What 3 criteria define automatic processing as described by Posner & Snyder (1975).

A
  1. Must occur without intention-happens easily
  2. Must occur without involving conscious awareness. E.g. putting shoes on when talking to someone.
  3. It must not interfere with other mental activity.
    (Can be argued that automatic tasks are not without some intention).
26
Q

What is instance theory (Logan 1988).

A
  1. Separate traces of memory are stored away each time a stimulus is encountered and processed
  2. Practice with the same stimulus leads to the storage of increased information about stimulus and what to do with it.
27
Q

What are the 2 main processes of forgetting

A

Decay - gradual diff appearance of mental or aural stimuli.
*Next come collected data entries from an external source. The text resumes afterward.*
(* Let $\vartheta$ be primitive, geometrically compatible and recognisable, let $\mu\in\mathcal M$ and let $\mathbf P$ be a probability choice for $\vartheta$. Then every $\nu\in\Pi^{-1}(\mu)\cap\mathcal M[\mathbf P]$ satisfies \[ R^\nu=\lambda_{\mu,\mathbf P}^{-1}M(\mathbf P)R^\mu . \] In particular this holds for $\nu=T_{\mathbf P}(\mu)$ (which belongs to $\Pi^{-1}(\mu)\cap\mathcal M[\mathbf P]$), and if $\mu,\mu'\in\mathcal M$ satisfy $R^\mu=R^{\mu'}$ then $R^{T_{\mathbf P}(\mu)}=R^{T_{\mathbf P}(\mu')}$.
   Context: Standing assumptions: $\mathcal A$ finite alphabet; $\vartheta$ a random substitution (letters to non-empty finite sets of non-empty words, extended to words by concatenation $\vartheta(u_1\cdots u_n)=\{w_1\cdots w_n:w_i\in\vartheta(u_i)\}$), $X_\vartheta$ its subshift (sequences all of whose subwords are subwords of words in some $\vartheta^n(a)$) with shift $S$, $[u]$ the cylinder of $u$ at position $0$. Primitive: some marginal (choice $\theta(a)\in\vartheta(a)$) of some $\vartheta^n$ has primitive substitution matrix $M_{ab}=|\theta(b)|_a$. Geometrically compatible: some $\lambda>1$ and positive row vector $L$ with $LM=\lambda L$ for the substitution matrix of every marginal. Recognisable: every $y\in X_\vartheta$ has a unique decomposition $S^{-k}y=\cdots v_{-1}.v_0v_1\cdots$ with $x\in X_\vartheta$, $v_i\in\vartheta(x_i)$, $0\le k<|v_0|$ (all unique). $\mathcal M$ is the set of shift-invariant Borel probability measures on $X_\vartheta$; $R^\mu=(\mu([a]))_{a\in\mathcal A}$ as a column vector. A probability choice $\mathbf P$ assigns to each $a$ a probability vector $(\mathbf P_{v,a})_{v\in\vartheta(a)}$; $M(\mathbf P)_{ab}=\sum_{v\in\vartheta(b)}\mathbf P_{v,b}|v|_a$. Let $A=\vartheta(X_\vartheta)$ (all concatenations $\cdots v_{-1}.v_0v_1\cdots$, $v_i\in\vartheta(x_i)$, $x\in X_\vartheta$); by recognisability $A$ is identified with $\{(x_i,v_i)_i: x\in X_\vartheta,v_i\in\vartheta(x_i)\}\subset\mathcal B^{\mathbb Z}$, $\mathcal B=\{(a,v):v\in\vartheta(a)\}$, with first return map $S_A$ corresponding to the shift and return time $r_A=|v_0|$; $[(a_1,v_1)\cdots(a_n,v_n)]$ denotes the corresponding cylinder in $A$. For $\nu\in\mathcal M$, $\nu_A=\nu(\cdot\cap A)/\nu(A)$. Desubstitution $\Pi:\mathcal M\to\mathcal M$: $\Pi(\nu)([a_1\cdots a_n])=\sum_{v_1,\dots,v_n}\nu_A([(a_1,v_1)\cdots(a_n,v_n)])$. $\mathcal M[\mathbf P]$ is the set of $\nu\in\mathcal M$ with $\nu_A([(a,v)])=\mathbf P_{v,a}\sum_{u\in\vartheta(a)}\nu_A([(a,u)])$ for all $a$ and $v\in\vartheta(a)$. For $\mu\in\mathcal M$, $\vartheta_{\mathbf P}(\mu)$ is the $S_A$-invariant probability on $A$ with $\vartheta_{\mathbf P}(\mu)([(a_1,v_1)\cdots(a_n,v_n)])=\mu([a_1\cdots a_n])\prod_i\mathbf P_{v_i,a_i}$; $\lambda_{\mu,\mathbf P}=\sum_a\mu([a])\sum_{v\in\vartheta(a)}\mathbf P_{v,a}|v|$; the $\mathbf P$-transfer $T_{\mathbf P}(\mu)\in\mathcal M$ is defined by $T_{\mathbf P}(\mu)(f)=\lambda_{\mu,\mathbf P}^{-1}\int_A\sum_{i=0}^{r_A-1}f\circ S^i\,d\vartheta_{\mathbf P}(\mu)$ for continuous $f$. *)

theory Defs
  imports "HOL-Probability.Probability" "HOL-Library.Sublist"
begin

type_synonym 'a rsub = "'a \<Rightarrow> 'a list set"

definition random_subst :: "'a rsub \<Rightarrow> bool" where
  "random_subst \<sigma> \<longleftrightarrow> (\<forall>a. finite (\<sigma> a) \<and> \<sigma> a \<noteq> {} \<and> [] \<notin> \<sigma> a)"

definition subst_word :: "'a rsub \<Rightarrow> 'a list \<Rightarrow> 'a list set" where
  "subst_word \<sigma> u = concat ` listset (map \<sigma> u)"

primrec subst_pow :: "'a rsub \<Rightarrow> nat \<Rightarrow> 'a rsub" where
  "subst_pow \<sigma> 0 a = {[a]}"
| "subst_pow \<sigma> (Suc n) a = (\<Union>w\<in>subst_pow \<sigma> n a. subst_word \<sigma> w)"

definition marginal :: "'a rsub \<Rightarrow> ('a \<Rightarrow> 'a list) \<Rightarrow> bool" where
  "marginal \<sigma> \<theta> \<longleftrightarrow> (\<forall>a. \<theta> a \<in> \<sigma> a)"

definition subst_matrix :: "('a \<Rightarrow> 'a list) \<Rightarrow> 'a \<Rightarrow> 'a \<Rightarrow> nat" where
  "subst_matrix \<theta> a b = count_list (\<theta> b) a"

primrec matpow :: "('a::finite \<Rightarrow> 'a \<Rightarrow> nat) \<Rightarrow> nat \<Rightarrow> 'a \<Rightarrow> 'a \<Rightarrow> nat" where
  "matpow M 0 a b = (if a = b then 1 else 0)"
| "matpow M (Suc k) a b = (\<Sum>c\<in>UNIV. M a c * matpow M k c b)"

definition primitive_matrix :: "('a::finite \<Rightarrow> 'a \<Rightarrow> nat) \<Rightarrow> bool" where
  "primitive_matrix M \<longleftrightarrow> (\<exists>k\<ge>1. \<forall>a b. matpow M k a b > 0)"

definition primitive :: "('a::finite) rsub \<Rightarrow> bool" where
  "primitive \<sigma> \<longleftrightarrow> (\<exists>n\<ge>1. \<exists>\<theta>. marginal (subst_pow \<sigma> n) \<theta> \<and> primitive_matrix (subst_matrix \<theta>))"

definition geom_compatible :: "('a::finite) rsub \<Rightarrow> bool" where
  "geom_compatible \<sigma> \<longleftrightarrow> (\<exists>(lam::real) L. lam > 1 \<and> (\<forall>a. L a > (0::real)) \<and>
     (\<forall>\<theta>. marginal \<sigma> \<theta> \<longrightarrow>
        (\<forall>b. (\<Sum>a\<in>UNIV. L a * real (subst_matrix \<theta> a b)) = lam * L b)))"

definition shift :: "(int \<Rightarrow> 'a) \<Rightarrow> int \<Rightarrow> 'a" where
  "shift x = (\<lambda>i. x (i + 1))"

definition language :: "'a rsub \<Rightarrow> 'a list set" where
  "language \<sigma> = {u. \<exists>n a w. w \<in> subst_pow \<sigma> n a \<and> sublist u w}"

definition subword :: "(int \<Rightarrow> 'a) \<Rightarrow> int \<Rightarrow> nat \<Rightarrow> 'a list" where
  "subword x i n = map (\<lambda>j. x (i + int j)) [0..<n]"

definition subshift :: "'a rsub \<Rightarrow> (int \<Rightarrow> 'a) set" where
  "subshift \<sigma> = {x. \<forall>i n. subword x i n \<in> language \<sigma>}"

definition cyl :: "'a list \<Rightarrow> (int \<Rightarrow> 'a) set" where
  "cyl u = {x. \<forall>i<length u. x (int i) = u ! i}"

definition PT :: "(int \<Rightarrow> 'a) topology" where
  "PT = product_topology (\<lambda>_. discrete_topology UNIV) UNIV"

definition Bor :: "(int \<Rightarrow> 'a) measure" where
  "Bor = sigma (topspace PT) {U. openin PT U}"

text \<open>Shift-invariant Borel probability measures on \<open>X_\<sigma>\<close>, realised as Borel probability
  measures on the full sequence space that are concentrated on \<open>X_\<sigma>\<close>.\<close>
definition inv_measures :: "'a rsub \<Rightarrow> (int \<Rightarrow> 'a) measure set" where
  "inv_measures \<sigma> = {\<nu>. prob_space \<nu> \<and> sets \<nu> = sets Bor \<and> emeasure \<nu> (subshift \<sigma>) = 1
                          \<and> distr \<nu> \<nu> shift = \<nu>}"

definition freq :: "(int \<Rightarrow> 'a) measure \<Rightarrow> 'a \<Rightarrow> real" where
  "freq \<nu> a = measure \<nu> (cyl [a])"

definition pos :: "(int \<Rightarrow> 'a list) \<Rightarrow> int \<Rightarrow> int" where
  "pos v i = (if 0 \<le> i then (\<Sum>m\<in>{0..<i}. int (length (v m)))
              else - (\<Sum>m\<in>{i..<0}. int (length (v m))))"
Interference - affected by other information

28
Q

What is retroactive interference?

A

Learning new information can interfere with the recall of older information.

29
Q

What is proactive interference?

A

Old information interferes with learning or remembering new information.

30
Q

What is Revlins (2013) definition of attention

A

When we are aware fo the contents of our consciousness and react to them, we say we are paying attention.

31
Q

What does Kahnemans single capacity model predict?

A

That performance deficits happen when : - 2 tasks are done simultaneously and when the tasks exceed capacity.

32
Q

What does Wickens (1984) multiple resource model propose?

A

There are multiple resources of attention and some can be performed at the same time without interference or poorer performance such as reading music and playing an instrument.

33
Q

Where does Baddeley believe the central executive is?

A

In the prefrontal cortex. The communicator between long term and working memory.

34
Q

What are the 2 assumptions of Craig and Lockhart ‘levels of processing ‘ theory .

A

A, the depth of processing of a stimulus

B, deeper levels of analysis produce more elaborate long lasting memories than shallow.

35
Q

What is the self reference effect?

A

Memory is better under self reference than any other condition, we are fascinated with ourselves. Meta analysis of 129 studies on self reference effect (Simon’s & Johnson 1997).

36
Q

What did Craig & Tulvings (1975) study show with regard to remembering 60 words?

A

3 groups, 1. Structural encoding task (is word in block capitals)
2. Acoustic orienting task (does word rhyme with ‘bat’)
3. Semantic orienting task (does word fit the sentence)
Tasks that require deep processing produce better retrieval than do shallower processing.